The day of the cheap compact is over.
The camera phone has taken over there.
I think the future market is in quality cameras superior to cameraphones.
A cameraphone will probably be alway limited by it's glass and it's need to be flush with the phone.

In the compact market Canon's future lies with small high quality compacts like the Sony RX100 III. Pocketable but with creative controls. In the DSLR it's in high quality full frame cameras with the glass to go with it.
Mirrorless will reduce their size and weight. They probably too will get into semi-affordable Medium Format.

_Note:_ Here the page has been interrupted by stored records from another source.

(* Every cyclic $\mathrm{STS}(v)$ with $v>7$ admits a zero-sum $4$-flow.
   Context: A Steiner triple system $\mathrm{STS}(v)$ is a pair $(X,\mathcal{B})$ with $|X|=v$ and $\mathcal{B}$ a collection of 3-subsets of $X$ such that every 2-subset lies in exactly one block. It is cyclic if it has an automorphism (a permutation of $X$ mapping blocks to blocks) that is a single cycle of length $v$. For integer $n\ge2$, a zero-sum $n$-flow is a map $f:\mathcal{B}\to\{\pm1,\ldots,\pm(n-1)\}$ with $\sum_{B\ni x} f(B)=0$ for every point $x$. *)

theory Defs
  imports Main
begin

definition is_STS :: "'a set \<Rightarrow> 'a set set \<Rightarrow> bool" where
  "is_STS X Bs \<longleftrightarrow> finite X \<and>
     (\<forall>B\<in>Bs. B \<subseteq> X \<and> card B = 3) \<and>
     (\<forall>P. P \<subseteq> X \<and> card P = 2 \<longrightarrow> (\<exists>!B. B \<in> Bs \<and> P \<subseteq> B))"

definition is_automorphism :: "'a set \<Rightarrow> 'a set set \<Rightarrow> ('a \<Rightarrow> 'a) \<Rightarrow> bool" where
  "is_automorphism X Bs \<sigma> \<longleftrightarrow> bij_betw \<sigma> X X \<and> (\<forall>B\<in>Bs. \<sigma> ` B \<in> Bs)"

definition is_full_cycle :: "'a set \<Rightarrow> ('a \<Rightarrow> 'a) \<Rightarrow> bool" where
  "is_full_cycle X \<sigma> \<longleftrightarrow> (\<exists>x\<in>X. X = {(\<sigma> ^^ k) x | k. True})"

definition is_cyclic_STS :: "'a set \<Rightarrow> 'a set set \<Rightarrow> bool" where
  "is_cyclic_STS X Bs \<longleftrightarrow> is_STS X Bs \<and>
     (\<exists>\<sigma>. is_automorphism X Bs \<sigma> \<and> is_full_cycle X \<sigma>)"

definition is_zero_sum_flow :: "nat \<Rightarrow> 'a set \<Rightarrow> 'a set set \<Rightarrow> ('a set \<Rightarrow> int) \<Rightarrow> bool" where
  "is_zero_sum_flow n X Bs f \<longleftrightarrow>
     (\<forall>B\<in>Bs. f B \<noteq> 0 \<and> \<bar>f B\<bar> \<le> int n - 1) \<and>
     (\<forall>x\<in>X. (\<Sum>B\<in>{B\<in>Bs. x \<in> B}. f B) = 0)"

end

theory Submission
  imports Defs
begin

text \<open>The cyclic automorphism acts transitively on the points, so every orbit \<open>Q\<close> of blocks
  covers each point the same number \<open>d\<^sub>Q\<close> of times; counting incidences gives
  \<open>v d\<^sub>Q = 3 |Q| \<le> 3 v\<close>, so \<open>d\<^sub>Q \<in> {1,2,3}\<close>. A flow taking the constant value
  \<open>c\<^sub>Q\<close> on each orbit sums to \<open>\<Sum> c\<^sub>Q d\<^sub>Q\<close> at every point, so it suffices to choose
  \<open>c\<^sub>Q \<in> {\<plusminus>1,\<plusminus>2,\<plusminus>3}\<close> with that sum zero. The \<open>d\<^sub>Q\<close> add up to the replication
  number \<open>(v - 1)/2 \<ge> 4\<close>, so there are at least two orbits; pairing orbits \<open>P, Q\<close> with
  \<open>c\<^sub>P = d\<^sub>Q, c\<^sub>Q = -d\<^sub>P\<close> and treating a leftover triple separately finishes the proof.\<close>

lemma signed_triple_vanishing:
  fixes a b e :: int
  assumes "a \<in> {1,2,3}" "b \<in> {1,2,3}" "e \<in> {1,2,3}"
  shows "\<exists>x y z. x \<noteq> 0 \<and> \<bar>x\<bar> \<le> 3 \<and> y \<noteq> 0 \<and> \<bar>y\<bar> \<le> 3 \<and> z \<noteq> 0 \<and> \<bar>z\<bar> \<le> 3 \<and>
    x * a + y * b + z * e = 0"
proof -
  \<comment> \<open>Two equal values, say \<open>a = b\<close>: take \<open>x + y = e\<close> and \<open>z = -a\<close>.
    Three distinct values: they are \<open>1, 2, 3\<close>, and \<open>1 + 2 - 3 = 0\<close>.\<close>
  define s :: "int \<Rightarrow> int" where "s t = (if t = 1 then 2 else 1)" for t
  consider "a = b" | "a = e" | "b = e" | "a \<noteq> b" "a \<noteq> e" "b \<noteq> e"
    by blast
  then show ?thesis
  proof cases
    case 1
    then show ?thesis using assms
      by (intro exI[of _ "s e"] exI[of _ "e - s e"] exI[of _ "- a"]) (auto simp: s_def algebra_simps)
  next
    case 2
    then show ?thesis using assms
      by (intro exI[of _ "s b"] exI[of _ "- a"] exI[of _ "b - s b"]) (auto simp: s_def algebra_simps)
  next
    case 3
    then show ?thesis using assms
      by (intro exI[of _ "- b"] exI[of _ "s a"] exI[of _ "a - s a"]) (auto simp: s_def algebra_simps)
  next
    case 4
    then show ?thesis using assms
      by (intro exI[of _ "if a = 3 then -1 else 1"] exI[of _ "if b = 3 then -1 else 1"]
          exI[of _ "if e = 3 then -1 else 1"]) auto
  qed
qed
(* Assume $\Omega$ is strictly convex, $\mu(\Omega)<\int_{\mathbb{R}^d}R(\boldsymbol{p})\,d\boldsymbol{p}$, and $I\subset(0,1)$ is an admissible mesh family for $\Omega$. For $h\in I$ let $u_h$ be the (unique) solution of the finite element problem on $\mathcal T_h$. Then there exists a constant $M>0$ such that $\|u_h\|_{L^\infty(\Omega_h)}\le M$ for all $h\in I$.
   Context: $\Omega\subset\mathbb{R}^d$ is a bounded open convex domain; $g\in C(\partial\Omega)$; $R:\mathbb{R}^d\to(0,\infty)$ locally integrable; $\mu$ a nonnegative Borel measure on $\Omega$; $W^+(U)$ the convex real-valued functions on open convex $U$; $\partial u(\boldsymbol{x})=\{\boldsymbol{p}:\ u(\boldsymbol{y})\ge u(\boldsymbol{x})+\boldsymbol{p}\cdot(\boldsymbol{y}-\boldsymbol{x})\ \forall\boldsymbol{y}\in U\}$. Strict convexity: $\lambda\boldsymbol{x}+(1-\lambda)\boldsymbol{x}'\in\Omega$ for $\boldsymbol{x},\boldsymbol{x}'\in\overline\Omega$, $0<\lambda<1$. $\Omega_\delta=\{\boldsymbol{x}\in\Omega:\operatorname{dist}(\boldsymbol{x},\partial\Omega)>\delta\}$. A mesh of $\Omega$ with parameter $h>0$ is a finite set $\mathcal T_h$ of closed $d$-simplices contained in $\overline\Omega$ such that: (i) for $T\ne T'$, $T\cap T'$ is a common sub-simplex of both of dimension at most $d-1$; (ii) $h=\max_T\operatorname{diam}T$; (iii) $\Omega_h:=\operatorname{Int}(\bigcup_{T}T)$ is convex; (iv) every vertex of $\mathcal T_h$ on $\partial\Omega_h$ belongs to $\partial\Omega$. Interior vertices $\boldsymbol{A}_1,\dots,\boldsymbol{A}_{k_h}$, vertices on $\partial\Omega_h$: $\boldsymbol{B}_1,\dots,\boldsymbol{B}_{m_h}$. $M_h(z)$ is the convex hull in $\mathbb{R}^{d+1}$ of $\{(\boldsymbol{A}_i,z_i)\}\cup\{(\boldsymbol{B}_j,g(\boldsymbol{B}_j))\}$; $H_h$ is the set of $v\in W^+(\Omega_h)\cap C(\overline{\Omega_h})$ with $v(\boldsymbol{x})=\inf\{t:(\boldsymbol{x},t)\in M_h(z)\}$ on $\overline{\Omega_h}$ for some $z\in\mathbb{R}^{k_h}$. $\phi_{i,h}$ is the continuous function on $\overline{\Omega_h}$, affine on each simplex, with $\phi_{i,h}(\boldsymbol{A}_j)=\delta_{ij}$, $\phi_{i,h}(\boldsymbol{B}_j)=0$. The finite element problem: find $u_h\in H_h$ with $\int_{\partial u_h(\boldsymbol{A}_i)}R\,d\boldsymbol{p}=\int_{\Omega_h}\phi_{i,h}\,d\mu$ for $1\le i\le k_h$ (sub-differential relative to $\Omega_h$); under the stated hypotheses it has a unique solution. An admissible mesh family is $I\subset(0,1)$ with $0$ as unique accumulation point, a mesh $\mathcal T_h$ for each $h\in I$, and for every $\delta>0$ an $h_\delta>0$ with $\overline{\Omega_\delta}\subset\Omega_h$ for $h\in I$, $h<h_\delta$. *)

theory Defs
  imports "HOL-Analysis.Analysis"
begin

definition subdiff :: "('a::euclidean_space \<Rightarrow> real) \<Rightarrow> 'a set \<Rightarrow> 'a \<Rightarrow> 'a set" where
  "subdiff u U x = {p. \<forall>y\<in>U. u y \<ge> u x + p \<bullet> (y - x)}"

definition strictly_convex_dom :: "'a::euclidean_space set \<Rightarrow> bool" where
  "strictly_convex_dom \<Omega> \<longleftrightarrow>
     (\<forall>x\<in>closure \<Omega>. \<forall>x'\<in>closure \<Omega>. \<forall>t::real. x \<noteq> x' \<and> 0 < t \<and> t < 1
        \<longrightarrow> t *\<^sub>R x + (1 - t) *\<^sub>R x' \<in> \<Omega>)"

definition locally_integrable :: "('a::euclidean_space \<Rightarrow> real) \<Rightarrow> bool" where
  "locally_integrable R \<longleftrightarrow> (\<forall>K. compact K \<longrightarrow> set_integrable lborel K R)"

definition inner_dom :: "'a::euclidean_space set \<Rightarrow> real \<Rightarrow> 'a set" where
  "inner_dom \<Omega> \<delta> = {x\<in>\<Omega>. infdist x (frontier \<Omega>) > \<delta>}"

text \<open>A mesh is a set of closed d-simplices (as point sets).\<close>
definition mesh_domain :: "'a::euclidean_space set set \<Rightarrow> 'a set" where
  "mesh_domain \<T> = interior (\<Union>\<T>)"

definition mesh_vertices :: "'a::euclidean_space set set \<Rightarrow> 'a set" where
  "mesh_vertices \<T> = (\<Union>T\<in>\<T>. {x. x extreme_point_of T})"

definition interior_vertices :: "'a::euclidean_space set set \<Rightarrow> 'a set" where
  "interior_vertices \<T> = {A \<in> mesh_vertices \<T>. A \<in> mesh_domain \<T>}"

definition boundary_vertices :: "'a::euclidean_space set set \<Rightarrow> 'a set" where
  "boundary_vertices \<T> = {B \<in> mesh_vertices \<T>. B \<in> frontier (mesh_domain \<T>)}"

definition is_mesh :: "'a::euclidean_space set \<Rightarrow> 'a set set \<Rightarrow> real \<Rightarrow> bool" where
  "is_mesh \<Omega> \<T> h \<longleftrightarrow>
     finite \<T> \<and> \<T> \<noteq> {} \<and>
     (\<forall>T\<in>\<T>. (int DIM('a)) simplex T \<and> T \<subseteq> closure \<Omega>) \<and>
     (\<forall>T\<in>\<T>. \<forall>T'\<in>\<T>. T \<noteq> T' \<longrightarrow>
        (\<exists>n. n \<le> int DIM('a) - 1 \<and> n simplex (T \<inter> T') \<and>
             (T \<inter> T') face_of T \<and> (T \<inter> T') face_of T')) \<and>
     h = Max (diameter ` \<T>) \<and>
     convex (mesh_domain \<T>) \<and>
     (\<forall>V\<in>mesh_vertices \<T>. V \<in> frontier (mesh_domain \<T>) \<longrightarrow> V \<in> frontier \<Omega>)"

definition discrete_hull_fun ::
  "'a::euclidean_space set set \<Rightarrow> ('a \<Rightarrow> real) \<Rightarrow> ('a \<Rightarrow> real) \<Rightarrow> 'a \<Rightarrow> real" where
  "discrete_hull_fun \<T> g z x =
     Inf {t. (x, t) \<in> convex hull
              ((\<lambda>A. (A, z A)) ` interior_vertices \<T> \<union> (\<lambda>B. (B, g B)) ` boundary_vertices \<T>)}"

definition H_space :: "'a::euclidean_space set set \<Rightarrow> ('a \<Rightarrow> real) \<Rightarrow> ('a \<Rightarrow> real) set" where
  "H_space \<T> g = {v. convex_on (mesh_domain \<T>) v \<and> continuous_on (closure (mesh_domain \<T>)) v \<and>
      (\<exists>z. \<forall>x\<in>closure (mesh_domain \<T>). v x = discrete_hull_fun \<T> g z x)}"

definition is_hat_fun :: "'a::euclidean_space set set \<Rightarrow> 'a \<Rightarrow> ('a \<Rightarrow> real) \<Rightarrow> bool" where
  "is_hat_fun \<T> A \<phi> \<longleftrightarrow>
     continuous_on (closure (mesh_domain \<T>)) \<phi> \<and>
     (\<forall>T\<in>\<T>. \<exists>c b. \<forall>x\<in>T. \<phi> x = c \<bullet> x + b) \<and>
     \<phi> A = 1 \<and> (\<forall>V\<in>mesh_vertices \<T>. V \<noteq> A \<longrightarrow> \<phi> V = 0)"

definition fe_solution ::
  "'a::euclidean_space set set \<Rightarrow> ('a \<Rightarrow> real) \<Rightarrow> ('a \<Rightarrow> real) \<Rightarrow> 'a measure \<Rightarrow> ('a \<Rightarrow> real) \<Rightarrow> bool" where
  "fe_solution \<T> g R \<mu> u \<longleftrightarrow>
     u \<in> H_space \<T> g \<and>
     (\<forall>A\<in>interior_vertices \<T>. \<forall>\<phi>. is_hat_fun \<T> A \<phi> \<longrightarrow>
        (LINT p:subdiff u (mesh_domain \<T>) A|lborel. R p) = (LINT x:mesh_domain \<T>|\<mu>. \<phi> x))"

definition admissible_mesh_family ::
  "'a::euclidean_space set \<Rightarrow> real set \<Rightarrow> (real \<Rightarrow> 'a set set) \<Rightarrow> bool" where
  "admissible_mesh_family \<Omega> I \<T> \<longleftrightarrow>
     I \<subseteq> {0<..<1} \<and> 0 islimpt I \<and> (\<forall>x. x \<noteq> 0 \<longrightarrow> \<not> x islimpt I) \<and>
     (\<forall>h\<in>I. is_mesh \<Omega> (\<T> h) h) \<and>
     (\<forall>\<delta>>0. \<exists>h\<delta>>0. \<forall>h\<in>I. h < h\<delta> \<longrightarrow> closure (inner_dom \<Omega> \<delta>) \<subseteq> mesh_domain (\<T> h))"

end

theory Submission
  imports Defs
begin

text \<open>
  Every \<open>u\<^sub>h\<close> is the lower convex envelope of its nodal values, the boundary nodes carrying
  values of \<open>g\<close>; hence \<open>u\<^sub>h \<le> G := max |g|\<close>. For the lower bound we use Alexandrov's
  argument. Fix \<open>r\<close> with \<open>\<integral>\<^bsub>B\<^sub>r\<^esub> R > \<mu>(\<Omega>)\<close>. If \<open>u\<^sub>h(x\<^sub>0) < -(G + r diam \<Omega>)\<close>,
  then for each slope \<open>|p| \<le> r\<close> the plane of slope \<open>p\<close> through the lowest lifted node
  supports the envelope, and it cannot touch at a boundary node, so \<open>p\<close> is a subgradient at
  an interior vertex. Thus \<open>B\<^sub>r\<close> is covered by the sub-differentials at interior vertices,
  and the finite element equations give
  \<open>\<integral>\<^bsub>B\<^sub>r\<^esub> R \<le> \<Sigma>\<^sub>i \<integral> \<phi>\<^sub>i d\<mu> \<le> \<mu>(\<Omega>)\<close> because the nodal basis functions sum to at most 1.
\<close>

section \<open>Affine functions and barycentric coordinates\<close>

definition affine_fun :: "('a::real_inner \<Rightarrow> real) \<Rightarrow> bool" where
  "affine_fun f \<longleftrightarrow> (\<exists>c b. f = (\<lambda>x. c \<bullet> x + b))"

lemma affine_fun_le_on_convex_hull:
  assumes "affine_fun f" "\<And>w. w \<in> C \<Longrightarrow> f w \<le> k" "x \<in> convex hull C"
  shows "f x \<le> k"
proof -
  obtain c b where f: "f = (\<lambda>x. c \<bullet> x + b)" using assms(1) unfolding affine_fun_def by blast
  have "convex hull C \<subseteq> {x. c \<bullet> x \<le> k - b}"
    using assms(2) by (intro hull_minimal convex_halfspace_le) (auto simp: f algebra_simps)
  then show ?thesis using assms(3) by (auto simp: f algebra_simps)
qed

lemma affine_fun_uminus:
  assumes "affine_fun f"
  shows "affine_fun (\<lambda>x. - f x)"
proof -
  obtain c b where "f = (\<lambda>x. c \<bullet> x + b)" using assms unfolding affine_fun_def by blast
  then have "(\<lambda>x. - f x) = (\<lambda>x. (- c) \<bullet> x + (- b))" by simp
  then show ?thesis unfolding affine_fun_def by blast
qed

lemma affine_fun_ge_on_convex_hull:
  assumes "affine_fun f" "\<And>w. w \<in> C \<Longrightarrow> k \<le> f w" "x \<in> convex hull C"
  shows "k \<le> f x"
  using affine_fun_le_on_convex_hull[OF affine_fun_uminus[OF assms(1)], of C "- k" x] assms(2,3)
  by simp

lemma affine_fun_eq_on_convex_hull:
  assumes "affine_fun f" "\<And>w. w \<in> C \<Longrightarrow> f w = k" "x \<in> convex hull C"
  shows "f x = k"
proof (rule order.antisym)
  show "f x \<le> k" by (rule affine_fun_le_on_convex_hull[OF assms(1) _ assms(3)]) (simp add: assms(2))
  show "k \<le> f x" by (rule affine_fun_ge_on_convex_hull[OF assms(1) _ assms(3)]) (simp add: assms(2))
qed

Yes competition will reduce alot of competitors to the point of extinction. 
Serious photography will remain popular however and will continue to require high-end equipment.


----------



## bdunbar79 (Apr 27, 2015)

I see a lot of Momtography going on at athletics events and it's great for them because they can immediately upload to Facebook.


----------



## Maiaibing (Apr 27, 2015)

"It projects sales of cameras with interchangeable lenses to reach 5.8 million units rather than its previous view of 6.4 million."

Wow. That's. Just. Horrible... 

2014 Canon DSLR sales were down 17% (after they also originally announced the ambition to have flat sales through 2013/2014).

2015 Canon again started the year predicting flat DSLR sales and already after 3 months write the number down 10% = years of double digit free fall in Canon DSLR sales.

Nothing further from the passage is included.